Retype, word for word, each line between the lines holding "i d \<longleftrightarrow>" and "(Mu X p) = FN", inclusive, and leave the rest of the data alone.

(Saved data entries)
+-------+

(* Let $B\subseteq C$ be finite sets of names, let $a\in(\mathbb{A}\setminus B)\cup\{*\}$, let $\phi$ be a bar formula, let $S$ be a context, and let $v$ be a bar string (with $v\in[S]$ and $\mathrm{FN}(\phi)\subseteq S$). Suppose that (i) if $a\neq *$, then every name having a free occurrence in $v$ before the first free occurrence of $a$ in $v$ is contained in $B$; and (ii) if some name occurring freely in $v$ is not in $B$ and the first such name $d$ lies in $\mathrm{FN}(\phi)$, then $d\in C$. Then for all $n$ with $|v|<n$: $S,v\models\phi$ iff $S,v\models\phi^B_C(a)_n$.
   Context: Names $\mathbb{A}$ countably infinite; $*\notin\mathbb{A}$ a marker. $G$ finite permutations; $[\mathbb{A}]X$ abstraction sets ($\mathbb{A}\times X$ modulo $(a,x)\sim(b,y)$ iff $(a\,c)\cdot x=(b\,c)\cdot y$ for $c$ outside the supports; class $\langle a\rangle x$). $\overline{\mathbb{A}}=\mathbb{A}\cup\{|a\}$; bar strings are words over it; $\equiv_\alpha$ least equivalence with $w|av\equiv_\alpha w|bu$ whenever $\langle a\rangle v=\langle b\rangle u$. An occurrence of a plain name $a$ is free if no $|a$ occurs to its left; $\mathrm{FN}(w)$; $[S]=\{w\mid\mathrm{FN}(w)\subseteq S\}$; $|v|$ is the length. Bar formulae $\phi::=\epsilon\mid\neg\epsilon\mid\phi\wedge\phi\mid\phi\vee\phi\mid\Diamond_\sigma\phi\mid\Box_\sigma\phi\mid X\mid\mu X.\phi$ ($\sigma\in\overline{\mathbb{A}}$), fixpoint variables guarded by modalities, implicitly annotated with the free names of their binding $\mu$-expression; $\top=\epsilon\vee\neg\epsilon$, $\bot=\epsilon\wedge\neg\epsilon$; $\mathrm{FN}(\phi)$: names $a$ with $\Diamond_a/\Box_a$ outside the scope of $\Diamond_{|a}/\Box_{|a}$. Semantics ($S$ finite, $\mathrm{FN}(\phi)\subseteq S$, $w\in[S]$): Booleans usual; $\epsilon$: $w$ empty; $\neg\epsilon$: nonempty; $\mu X.\phi$: $\phi[\mu X.\phi/X]$; $\Diamond_a\phi$: $w=av$, $S,v\models\phi$; $\Box_a\phi$: $w=av\Rightarrow S,v\models\phi$; $\Diamond_{|a}\phi$: exist $\psi,v,b$ with $w\equiv_\alpha|bv$, $\langle a\rangle\phi=\langle b\rangle\psi$, $S\cup\{b\},v\models\psi$; $\Box_{|a}\phi$: for all such $\psi,v,b$, $S\cup\{b\},v\models\psi$. Restriction: for $B\subseteq C$, $a\in(\mathbb{A}\setminus B)\cup\{*\}$, define $\phi^B_C(a)_0=\top$ and for $n>0$: $\epsilon^B_C(a)_n=\epsilon$; $(\neg\epsilon)^B_C(a)_n=\neg\epsilon$; $(\psi\wedge\chi)^B_C(a)_n=\psi^B_C(a)_n\wedge\chi^B_C(a)_n$, similarly for $\vee$; $(\Diamond_{|b}\psi)^B_C(a)_n=\Diamond_{|b}(\psi^{B\cup\{b\}}_{C\cup\{b\}}(a)_{n-1})$, same with $\Box_{|b}$; $(\mu X.\psi)^B_C(a)_n=(\psi[\mu X.\psi/X])^B_C(a)_n$; $(\Diamond_b\psi)^B_C(a)_n$ is $\bot$ if $b\notin C$, $\Diamond_b(\psi^B_C(a)_{n-1})$ if $b\in B$, and $\Diamond_b(\psi^\emptyset_{\mathrm{FN}(\psi)}( * )_{n-1})$ if $b\in C\setminus B$; $(\Box_b\psi)^B_C(a)_n$ is $\epsilon\vee\Diamond_{|c}\top\vee\bigvee_{d\in B\cup\{a\}}\Diamond_d\top$ if $b\notin C,a\neq *$; $\Box_b(\psi^\emptyset_{\mathrm{FN}(\psi)}( * )_{n-1})$ if $b\notin C,a=*$; $\Box_b(\psi^B_C(a)_{n-1})$ if $b\in B$; and if $b\in C\setminus B$ it is: $\Box_b(\psi^\emptyset_{\mathrm{FN}(\psi)}( * )_{n-1})$ if $a=*$; $\epsilon\vee\Diamond_{|c}\top\vee\bigvee_{d\in B}\Diamond_d\top\vee\Diamond_a(\psi^\emptyset_{\mathrm{FN}(\psi)}( * )_{n-1})$ if $a=b$; $\epsilon\vee\Diamond_{|c}\top\vee\bigvee_{d\in B\cup\{a\}}\Diamond_d\top$ if $*\neq a\neq b$. (Here $c$ is any name.) *)

theory Defs
  imports Main
begin

(* Names: the countably infinite set of names is modelled by nat.
   The marker * is modelled by None :: nat option (names a are Some a). *)
type_synonym name = nat

datatype bl = Pl name | Br name   (* Pl a = plain name a,  Br a = bar name |a *)

type_synonym bstr = "bl list"

definition swap :: "name \<Rightarrow> name \<Rightarrow> name \<Rightarrow> name" where
  "swap a b c = (if c = a then b else if c = b then a else c)"

fun perm_bl :: "name \<Rightarrow> name \<Rightarrow> bl \<Rightarrow> bl" where
  "perm_bl a b (Pl c) = Pl (swap a b c)"
| "perm_bl a b (Br c) = Br (swap a b c)"

definition perm_str :: "name \<Rightarrow> name \<Rightarrow> bstr \<Rightarrow> bstr" where
  "perm_str a b w = map (perm_bl a b) w"

fun name_of :: "bl \<Rightarrow> name" where
  "name_of (Pl c) = c" | "name_of (Br c) = c"

definition names_str :: "bstr \<Rightarrow> name set" where
  "names_str w = name_of ` set w"

definition abs_eq_str :: "name \<Rightarrow> bstr \<Rightarrow> name \<Rightarrow> bstr \<Rightarrow> bool" where
  "abs_eq_str a v b u \<longleftrightarrow>
     (\<exists>c. c \<notin> {a, b} \<union> names_str v \<union> names_str u \<and> perm_str a c v = perm_str b c u)"

inductive alpha :: "bstr \<Rightarrow> bstr \<Rightarrow> bool" where
  alpha_base: "abs_eq_str a v b u \<Longrightarrow> alpha (w @ Br a # v) (w @ Br b # u)"
| alpha_refl: "alpha w w"
| alpha_sym: "alpha w u \<Longrightarrow> alpha u w"
| alpha_trans: "alpha w u \<Longrightarrow> alpha u x \<Longrightarrow> alpha w x"

fun FN_str :: "bstr \<Rightarrow> name set" where
  "FN_str [] = {}"
| "FN_str (Pl a # w) = insert a (FN_str w)"
| "FN_str (Br a # w) = FN_str w - {a}"

definition free_occ :: "bstr \<Rightarrow> nat \<Rightarrow> name \<Rightarrow> bool" where
  "free_occ w i d \<longleftrightarrow> i < length w \<and> w ! i = Pl d \<and> Br d \<notin> set (take i w)"

type_synonym fvar = nat

datatype form =
    Eps
  | NEps
  | And form form
  | Or form form
  | Dia bl form
  | Box bl form
  | Var fvar
  | Mu fvar form

definition Top :: form where "Top = Or Eps NEps"
definition Bot :: form where "Bot = And Eps NEps"

primrec perm_form :: "name \<Rightarrow> name \<Rightarrow> form \<Rightarrow> form" where
  "perm_form a b Eps = Eps"
| "perm_form a b NEps = NEps"
| "perm_form a b (And p q) = And (perm_form a b p) (perm_form a b q)"
| "perm_form a b (Or p q) = Or (perm_form a b p) (perm_form a b q)"
| "perm_form a b (Dia l p) = Dia (perm_bl a b l) (perm_form a b p)"
| "perm_form a b (Box l p) = Box (perm_bl a b l) (perm_form a b p)"
| "perm_form a b (Var X) = Var X"
| "perm_form a b (Mu X p) = Mu X (perm_form a b p)"

lemma size_perm_form[simp]: "size (perm_form a b p) = size p"
  by (induction p) auto

primrec names_form :: "form \<Rightarrow> name set" where
  "names_form Eps = {}"
| "names_form NEps = {}"
| "names_form (And p q) = names_form p \<union> names_form q"
| "names_form (Or p q) = names_form p \<union> names_form q"
| "names_form (Dia l p) = insert (name_of l) (names_form p)"
| "names_form (Box l p) = insert (name_of l) (names_form p)"
| "names_form (Var X) = {}"
| "names_form (Mu X p) = names_form p"

primrec FN :: "form \<Rightarrow> name set" where
  "FN Eps = {}"
| "FN NEps = {}"
| "FN (And p q) = FN p \<union> FN q"
| "FN (Or p q) = FN p \<union> FN q"
| "FN (Dia l p) = (case l of Pl a \<Rightarrow> insert a (FN p) | Br a \<Rightarrow> FN p - {a})"
| "FN (Box l p) = (case l of Pl a \<Rightarrow> insert a (FN p) | Br a \<Rightarrow> FN p - {a})"
| "FN (Var X) = {}"
| "FN (Mu X p) = FN p"

primrec fv :: "form \<Rightarrow> fvar set" where
  "fv Eps = {}"
| "fv NEps = {}"
| "fv (And p q) = fv p \<union> fv q"
| "fv (Or p q) = fv p \<union> fv q"
| "fv (Dia l p) = fv p"
| "fv (Box l p) = fv p"
| "fv (Var X) = {X}"
| "fv (Mu X p) = fv p - {X}"

primrec unguarded :: "fvar \<Rightarrow> form \<Rightarrow> bool" where
  "unguarded X Eps = False"
| "unguarded X NEps = False"
| "unguarded X (And p q) = (unguarded X p \<or> unguarded X q)"
| "unguarded X (Or p q) = (unguarded X p \<or> unguarded X q)"
| "unguarded X (Dia l p) = False"
| "unguarded X (Box l p) = False"
| "unguarded X (Var Y) = (Y = X)"
| "unguarded X (Mu Y p) = (Y \<noteq> X \<and> unguarded X p)"

primrec guarded :: "form \<Rightarrow> bool" where
  "guarded Eps = True"
| "guarded NEps = True"
| "guarded (And p q) = (guarded p \<and> guarded q)"
| "guarded (Or p q) = (guarded p \<and> guarded q)"
| "guarded (Dia l p) = guarded p"
| "guarded (Box l p) = guarded p"
| "guarded (Var X) = True"
| "guarded (Mu X p) = (\<not> unguarded X p \<and> guarded p)"

definition bar_formula :: "form \<Rightarrow> bool" where
  "bar_formula p \<longleftrightarrow> fv p = {} \<and> guarded p"

definition fresh :: "name set \<Rightarrow> name" where
  "fresh A = (LEAST c. c \<notin> A)"

(* capture-avoiding substitution  p[t/X]; bar binders |b with b free in t are renamed
   (this is what the implicit annotation of fixpoint variables achieves) *)
function subst :: "form \<Rightarrow> fvar \<Rightarrow> form \<Rightarrow> form" where
  "subst t X Eps = Eps"
| "subst t X NEps = NEps"
| "subst t X (And p q) = And (subst t X p) (subst t X q)"
| "subst t X (Or p q) = Or (subst t X p) (subst t X q)"
| "subst t X (Dia (Pl b) p) = Dia (Pl b) (subst t X p)"
| "subst t X (Box (Pl b) p) = Box (Pl b) (subst t X p)"
| "subst t X (Dia (Br b) p) =
     (if b \<in> FN t then
        (let c = fresh (insert b (names_form p \<union> names_form t))
         in Dia (Br c) (subst t X (perm_form b c p)))
      else Dia (Br b) (subst t X p))"
| "subst t X (Box (Br b) p) =
     (if b \<in> FN t then
        (let c = fresh (insert b (names_form p \<union> names_form t))
         in Box (Br c) (subst t X (perm_form b c p)))
      else Box (Br b) (subst t X p))"
| "subst t X (Var Y) = (if Y = X then t else Var Y)"
| "subst t X (Mu Y p) = (if Y = X then Mu Y p else Mu Y (subst t X p))"
  by pat_completeness auto
termination
  by (relation "measure (\<lambda>(t, X, p). size p)") auto

definition abs_eq_form :: "name \<Rightarrow> form \<Rightarrow> name \<Rightarrow> form \<Rightarrow> bool" where
  "abs_eq_form a p b q \<longleftrightarrow>
     (\<exists>c. c \<notin> {a, b} \<union> names_form p \<union> names_form q \<and> perm_form a c p = perm_form b c q)"

(* S, w |= phi.  The paper's recursive definition is well-founded for (closed, guarded)
   bar formulae; we take the least relation closed under the clauses, which coincides
   with it on bar formulae. *)
inductive sat :: "name set \<Rightarrow> bstr \<Rightarrow> form \<Rightarrow> bool" where
  sat_Eps: "sat S [] Eps"
| sat_NEps: "w \<noteq> [] \<Longrightarrow> sat S w NEps"
| sat_And: "sat S w p \<Longrightarrow> sat S w q \<Longrightarrow> sat S w (And p q)"
| sat_Or1: "sat S w p \<Longrightarrow> sat S w (Or p q)"
| sat_Or2: "sat S w q \<Longrightarrow> sat S w (Or p q)"
| sat_Mu: "sat S w (subst (Mu X p) X p) \<Longrightarrow> sat S w (Mu X p)"
| sat_DiaPl: "sat S v p \<Longrightarrow> sat S (Pl a # v) (Dia (Pl a) p)"
| sat_BoxPl: "(\<forall>v. w = Pl a # v \<longrightarrow> sat S v p) \<Longrightarrow> sat S w (Box (Pl a) p)"
| sat_DiaBr: "alpha w (Br b # v) \<Longrightarrow> abs_eq_form a p b q \<Longrightarrow> sat (insert b S) v q
               \<Longrightarrow> sat S w (Dia (Br a) p)"
| sat_BoxBr: "(\<forall>q v b. alpha w (Br b # v) \<and> abs_eq_form a p b q \<longrightarrow> sat (insert b S) v q)
               \<Longrightarrow> sat S w (Box (Br a) p)"

(* unguarded size, used as termination measure *)
primrec ug :: "form \<Rightarrow> nat" where
  "ug Eps = 1"
| "ug NEps = 1"
| "ug (And p q) = 1 + ug p + ug q"
| "ug (Or p q) = 1 + ug p + ug q"
| "ug (Dia l p) = 1"
| "ug (Box l p) = 1"
| "ug (Var X) = 1"
| "ug (Mu X p) = 1 + ug p"

lemma ug_subst: "\<not> unguarded X p \<Longrightarrow> ug (subst t X p) = ug p"
  by (induction t X p rule: subst.induct) (auto simp: Let_def)

definition Disj :: "form list \<Rightarrow> form" where
  "Disj ps = foldr Or ps Bot"

definition DiaSet :: "name set \<Rightarrow> form" where
  "DiaSet D = Disj (map (\<lambda>d. Dia (Pl d) Top) (sorted_list_of_set D))"

(* Dia_{|c} Top for an arbitrary name c; we take c = 0 *)
definition DiaBarTop :: form where "DiaBarTop = Dia (Br 0) Top"

(* name for a bound bar name b: b itself, or a fresh name if b clashes with B, C, a
   (bar formulae are taken up to alpha-equivalence) *)
definition bind_name :: "name set \<Rightarrow> name set \<Rightarrow> name option \<Rightarrow> name \<Rightarrow> form \<Rightarrow> name" where
  "bind_name B C a b p =
     (if b \<in> B \<union> C \<union> set_option a then fresh (B \<union> C \<union> set_option a \<union> insert b (names_form p))
      else b)"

+-------+

**RESULT FOR THIS EXERCISE**
  "free_occ w i d \<longleftrightarrow> i < length w \<and> w ! i = Pl d \<and> Br d \<notin> set (take i w)"

type_synonym fvar = nat

datatype form =
    Eps
  | NEps
  | And form form
  | Or form form
  | Dia bl form
  | Box bl form
  | Var fvar
  | Mu fvar form

definition Top :: form where "Top = Or Eps NEps"
definition Bot :: form where "Bot = And Eps NEps"

primrec perm_form :: "name \<Rightarrow> name \<Rightarrow> form \<Rightarrow> form" where
  "perm_form a b Eps = Eps"
| "perm_form a b NEps = NEps"
| "perm_form a b (And p q) = And (perm_form a b p) (perm_form a b q)"
| "perm_form a b (Or p q) = Or (perm_form a b p) (perm_form a b q)"
| "perm_form a b (Dia l p) = Dia (perm_bl a b l) (perm_form a b p)"
| "perm_form a b (Box l p) = Box (perm_bl a b l) (perm_form a b p)"
| "perm_form a b (Var X) = Var X"
| "perm_form a b (Mu X p) = Mu X (perm_form a b p)"

lemma size_perm_form[simp]: "size (perm_form a b p) = size p"
  by (induction p) auto

primrec names_form :: "form \<Rightarrow> name set" where
  "names_form Eps = {}"
| "names_form NEps = {}"
| "names_form (And p q) = names_form p \<union> names_form q"
| "names_form (Or p q) = names_form p \<union> names_form q"
| "names_form (Dia l p) = insert (name_of l) (names_form p)"
| "names_form (Box l p) = insert (name_of l) (names_form p)"
| "names_form (Var X) = {}"
| "names_form (Mu X p) = names_form p"

primrec FN :: "form \<Rightarrow> name set" where
  "FN Eps = {}"
| "FN NEps = {}"
| "FN (And p q) = FN p \<union> FN q"
| "FN (Or p q) = FN p \<union> FN q"
| "FN (Dia l p) = (case l of Pl a \<Rightarrow> insert a (FN p) | Br a \<Rightarrow> FN p - {a})"
| "FN (Box l p) = (case l of Pl a \<Rightarrow> insert a (FN p) | Br a \<Rightarrow> FN p - {a})"
| "FN (Var X) = {}"
| "FN (Mu X p) = FN p"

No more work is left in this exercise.